▶ What needs to be done: A word-for-word restatement of the whole listing is the expected answer.
[Opening Records shown section]
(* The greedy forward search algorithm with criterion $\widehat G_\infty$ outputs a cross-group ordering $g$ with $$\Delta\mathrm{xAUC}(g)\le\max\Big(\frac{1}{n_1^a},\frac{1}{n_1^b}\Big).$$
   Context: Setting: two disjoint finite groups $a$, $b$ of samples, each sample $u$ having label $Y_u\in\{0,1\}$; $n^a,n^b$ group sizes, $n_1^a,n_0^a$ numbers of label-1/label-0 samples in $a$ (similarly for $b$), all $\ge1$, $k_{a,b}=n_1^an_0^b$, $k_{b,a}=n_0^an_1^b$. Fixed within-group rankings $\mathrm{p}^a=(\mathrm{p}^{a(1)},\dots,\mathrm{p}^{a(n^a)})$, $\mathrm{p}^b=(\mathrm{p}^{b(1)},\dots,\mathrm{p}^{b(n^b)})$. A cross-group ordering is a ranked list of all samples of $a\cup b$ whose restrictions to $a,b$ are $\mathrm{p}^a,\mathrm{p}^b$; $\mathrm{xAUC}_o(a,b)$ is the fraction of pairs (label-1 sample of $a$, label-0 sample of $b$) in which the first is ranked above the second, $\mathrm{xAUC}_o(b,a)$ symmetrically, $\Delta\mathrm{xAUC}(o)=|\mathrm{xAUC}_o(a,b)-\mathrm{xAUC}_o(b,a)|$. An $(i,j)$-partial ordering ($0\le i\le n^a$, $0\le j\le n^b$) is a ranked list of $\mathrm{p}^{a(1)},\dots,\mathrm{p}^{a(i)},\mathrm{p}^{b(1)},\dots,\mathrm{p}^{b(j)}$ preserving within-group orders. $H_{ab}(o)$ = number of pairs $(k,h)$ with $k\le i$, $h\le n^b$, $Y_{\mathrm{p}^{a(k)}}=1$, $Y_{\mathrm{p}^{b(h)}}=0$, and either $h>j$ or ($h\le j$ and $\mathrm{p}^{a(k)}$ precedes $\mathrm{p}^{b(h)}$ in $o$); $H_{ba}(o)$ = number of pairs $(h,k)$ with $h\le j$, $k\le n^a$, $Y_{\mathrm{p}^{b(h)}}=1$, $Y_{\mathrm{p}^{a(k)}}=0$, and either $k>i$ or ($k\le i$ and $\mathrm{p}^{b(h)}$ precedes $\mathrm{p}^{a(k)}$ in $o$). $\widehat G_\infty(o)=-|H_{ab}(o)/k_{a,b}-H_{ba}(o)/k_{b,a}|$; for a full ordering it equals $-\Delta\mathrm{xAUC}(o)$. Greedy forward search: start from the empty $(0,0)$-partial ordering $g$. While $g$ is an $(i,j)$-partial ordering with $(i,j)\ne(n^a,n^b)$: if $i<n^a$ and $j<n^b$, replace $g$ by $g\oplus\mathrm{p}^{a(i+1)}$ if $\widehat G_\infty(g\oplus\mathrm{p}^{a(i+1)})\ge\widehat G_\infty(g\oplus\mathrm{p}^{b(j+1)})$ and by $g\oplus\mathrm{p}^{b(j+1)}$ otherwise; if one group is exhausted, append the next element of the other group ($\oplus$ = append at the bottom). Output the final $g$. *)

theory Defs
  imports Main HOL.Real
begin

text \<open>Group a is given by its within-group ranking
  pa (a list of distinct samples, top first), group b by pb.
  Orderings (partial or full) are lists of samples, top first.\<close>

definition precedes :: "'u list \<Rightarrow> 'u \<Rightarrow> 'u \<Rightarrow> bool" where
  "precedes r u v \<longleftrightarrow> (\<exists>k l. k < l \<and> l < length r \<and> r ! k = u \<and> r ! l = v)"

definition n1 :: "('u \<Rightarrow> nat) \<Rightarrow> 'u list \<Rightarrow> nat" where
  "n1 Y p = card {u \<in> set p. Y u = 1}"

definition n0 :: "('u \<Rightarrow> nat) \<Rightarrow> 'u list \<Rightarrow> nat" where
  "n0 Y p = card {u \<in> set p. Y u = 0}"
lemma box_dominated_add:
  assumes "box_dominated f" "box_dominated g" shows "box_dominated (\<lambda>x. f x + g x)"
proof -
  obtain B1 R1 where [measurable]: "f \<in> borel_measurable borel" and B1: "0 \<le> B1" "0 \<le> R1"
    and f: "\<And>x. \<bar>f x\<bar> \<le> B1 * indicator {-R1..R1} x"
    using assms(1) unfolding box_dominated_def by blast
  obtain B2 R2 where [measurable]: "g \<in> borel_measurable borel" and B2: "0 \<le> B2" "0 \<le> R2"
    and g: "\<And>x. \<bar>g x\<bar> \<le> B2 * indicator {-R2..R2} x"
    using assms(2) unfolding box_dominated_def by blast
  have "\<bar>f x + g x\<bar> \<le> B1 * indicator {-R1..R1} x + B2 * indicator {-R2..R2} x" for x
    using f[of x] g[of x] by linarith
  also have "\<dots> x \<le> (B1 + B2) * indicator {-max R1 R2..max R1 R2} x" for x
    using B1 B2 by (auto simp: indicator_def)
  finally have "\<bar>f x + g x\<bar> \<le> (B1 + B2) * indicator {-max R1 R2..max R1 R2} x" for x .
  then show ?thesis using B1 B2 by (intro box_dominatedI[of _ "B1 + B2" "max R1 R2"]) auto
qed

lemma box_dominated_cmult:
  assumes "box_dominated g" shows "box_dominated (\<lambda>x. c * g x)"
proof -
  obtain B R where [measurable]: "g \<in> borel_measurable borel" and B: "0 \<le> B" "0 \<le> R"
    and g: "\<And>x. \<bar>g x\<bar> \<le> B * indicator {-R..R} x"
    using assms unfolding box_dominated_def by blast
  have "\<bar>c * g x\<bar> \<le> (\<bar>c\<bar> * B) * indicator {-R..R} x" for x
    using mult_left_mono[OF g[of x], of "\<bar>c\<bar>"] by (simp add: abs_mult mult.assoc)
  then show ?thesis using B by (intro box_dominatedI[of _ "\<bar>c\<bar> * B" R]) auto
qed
[Closing Records shown section]
▶ Answer to the exercise:
(* The greedy forward search algorithm with criterion $\widehat G_\infty$ outputs a cross-group ordering $g$ with $$\Delta\mathrm{xAUC}(g)\le\max\Big(\frac{1}{n_1^a},\frac{1}{n_1^b}\Big).$$
   Context: Setting: two disjoint finite groups $a$, $b$ of samples, each sample $u$ having label $Y_u\in\{0,1\}$; $n^a,n^b$ group sizes, $n_1^a,n_0^a$ numbers of label-1/label-0 samples in $a$ (similarly for $b$), all $\ge1$, $k_{a,b}=n_1^an_0^b$, $k_{b,a}=n_0^an_1^b$. Fixed within-group rankings $\mathrm{p}^a=(\mathrm{p}^{a(1)},\dots,\mathrm{p}^{a(n^a)})$, $\mathrm{p}^b=(\mathrm{p}^{b(1)},\dots,\mathrm{p}^{b(n^b)})$. A cross-group ordering is a ranked list of all samples of $a\cup b$ whose restrictions to $a,b$ are $\mathrm{p}^a,\mathrm{p}^b$; $\mathrm{xAUC}_o(a,b)$ is the fraction of pairs (label-1 sample of $a$, label-0 sample of $b$) in which the first is ranked above the second, $\mathrm{xAUC}_o(b,a)$ symmetrically, $\Delta\mathrm{xAUC}(o)=|\mathrm{xAUC}_o(a,b)-\mathrm{xAUC}_o(b,a)|$. An $(i,j)$-partial ordering ($0\le i\le n^a$, $0\le j\le n^b$) is a ranked list of $\mathrm{p}^{a(1)},\dots,\mathrm{p}^{a(i)},\mathrm{p}^{b(1)},\dots,\mathrm{p}^{b(j)}$ preserving within-group orders. $H_{ab}(o)$ = number of pairs $(k,h)$ with $k\le i$, $h\le n^b$, $Y_{\mathrm{p}^{a(k)}}=1$, $Y_{\mathrm{p}^{b(h)}}=0$, and either $h>j$ or ($h\le j$ and $\mathrm{p}^{a(k)}$ precedes $\mathrm{p}^{b(h)}$ in $o$); $H_{ba}(o)$ = number of pairs $(h,k)$ with $h\le j$, $k\le n^a$, $Y_{\mathrm{p}^{b(h)}}=1$, $Y_{\mathrm{p}^{a(k)}}=0$, and either $k>i$ or ($k\le i$ and $\mathrm{p}^{b(h)}$ precedes $\mathrm{p}^{a(k)}$ in $o$). $\widehat G_\infty(o)=-|H_{ab}(o)/k_{a,b}-H_{ba}(o)/k_{b,a}|$; for a full ordering it equals $-\Delta\mathrm{xAUC}(o)$. Greedy forward search: start from the empty $(0,0)$-partial ordering $g$. While $g$ is an $(i,j)$-partial ordering with $(i,j)\ne(n^a,n^b)$: if $i<n^a$ and $j<n^b$, replace $g$ by $g\oplus\mathrm{p}^{a(i+1)}$ if $\widehat G_\infty(g\oplus\mathrm{p}^{a(i+1)})\ge\widehat G_\infty(g\oplus\mathrm{p}^{b(j+1)})$ and by $g\oplus\mathrm{p}^{b(j+1)}$ otherwise; if one group is exhausted, append the next element of the other group ($\oplus$ = append at the bottom). Output the final $g$. *)

theory Defs
  imports Main HOL.Real
begin

text \<open>Group a is given by its within-group ranking
  pa (a list of distinct samples, top first), group b by pb.
  Orderings (partial or full) are lists of samples, top first.\<close>

definition precedes :: "'u list \<Rightarrow> 'u \<Rightarrow> 'u \<Rightarrow> bool" where
  "precedes r u v \<longleftrightarrow> (\<exists>k l. k < l \<and> l < length r \<and> r ! k = u \<and> r ! l = v)"

definition n1 :: "('u \<Rightarrow> nat) \<Rightarrow> 'u list \<Rightarrow> nat" where
  "n1 Y p = card {u \<in> set p. Y u = 1}"

definition n0 :: "('u \<Rightarrow> nat) \<Rightarrow> 'u list \<Rightarrow> nat" where
  "n0 Y p = card {u \<in> set p. Y u = 0}"
lemma box_dominated_add:
  assumes "box_dominated f" "box_dominated g" shows "box_dominated (\<lambda>x. f x + g x)"
proof -
  obtain B1 R1 where [measurable]: "f \<in> borel_measurable borel" and B1: "0 \<le> B1" "0 \<le> R1"
    and f: "\<And>x. \<bar>f x\<bar> \<le> B1 * indicator {-R1..R1} x"
    using assms(1) unfolding box_dominated_def by blast
  obtain B2 R2 where [measurable]: "g \<in> borel_measurable borel" and B2: "0 \<le> B2" "0 \<le> R2"
    and g: "\<And>x. \<bar>g x\<bar> \<le> B2 * indicator {-R2..R2} x"
    using assms(2) unfolding box_dominated_def by blast
  have "\<bar>f x + g x\<bar> \<le> B1 * indicator {-R1..R1} x + B2 * indicator {-R2..R2} x" for x
    using f[of x] g[of x] by linarith
  also have "\<dots> x \<le> (B1 + B2) * indicator {-max R1 R2..max R1 R2} x" for x
    using B1 B2 by (auto simp: indicator_def)
  finally have "\<bar>f x + g x\<bar> \<le> (B1 + B2) * indicator {-max R1 R2..max R1 R2} x" for x .
  then show ?thesis using B1 B2 by (intro box_dominatedI[of _ "B1 + B2" "max R1 R2"]) auto
qed

lemma box_dominated_cmult:
  assumes "box_dominated g" shows "box_dominated (\<lambda>x. c * g x)"
proof -
  obtain B R where [measurable]: "g \<in> borel_measurable borel" and B: "0 \<le> B" "0 \<le> R"
    and g: "\<And>x. \<bar>g x\<bar> \<le> B * indicator {-R..R} x"
    using assms unfolding box_dominated_def by blast
  have "\<bar>c * g x\<bar> \<le> (\<bar>c\<bar> * B) * indicator {-R..R} x" for x
    using mult_left_mono[OF g[of x], of "\<bar>c\<bar>"] by (simp add: abs_mult mult.assoc)
  then show ?thesis using B by (intro box_dominatedI[of _ "\<bar>c\<bar> * B" R]) auto
qed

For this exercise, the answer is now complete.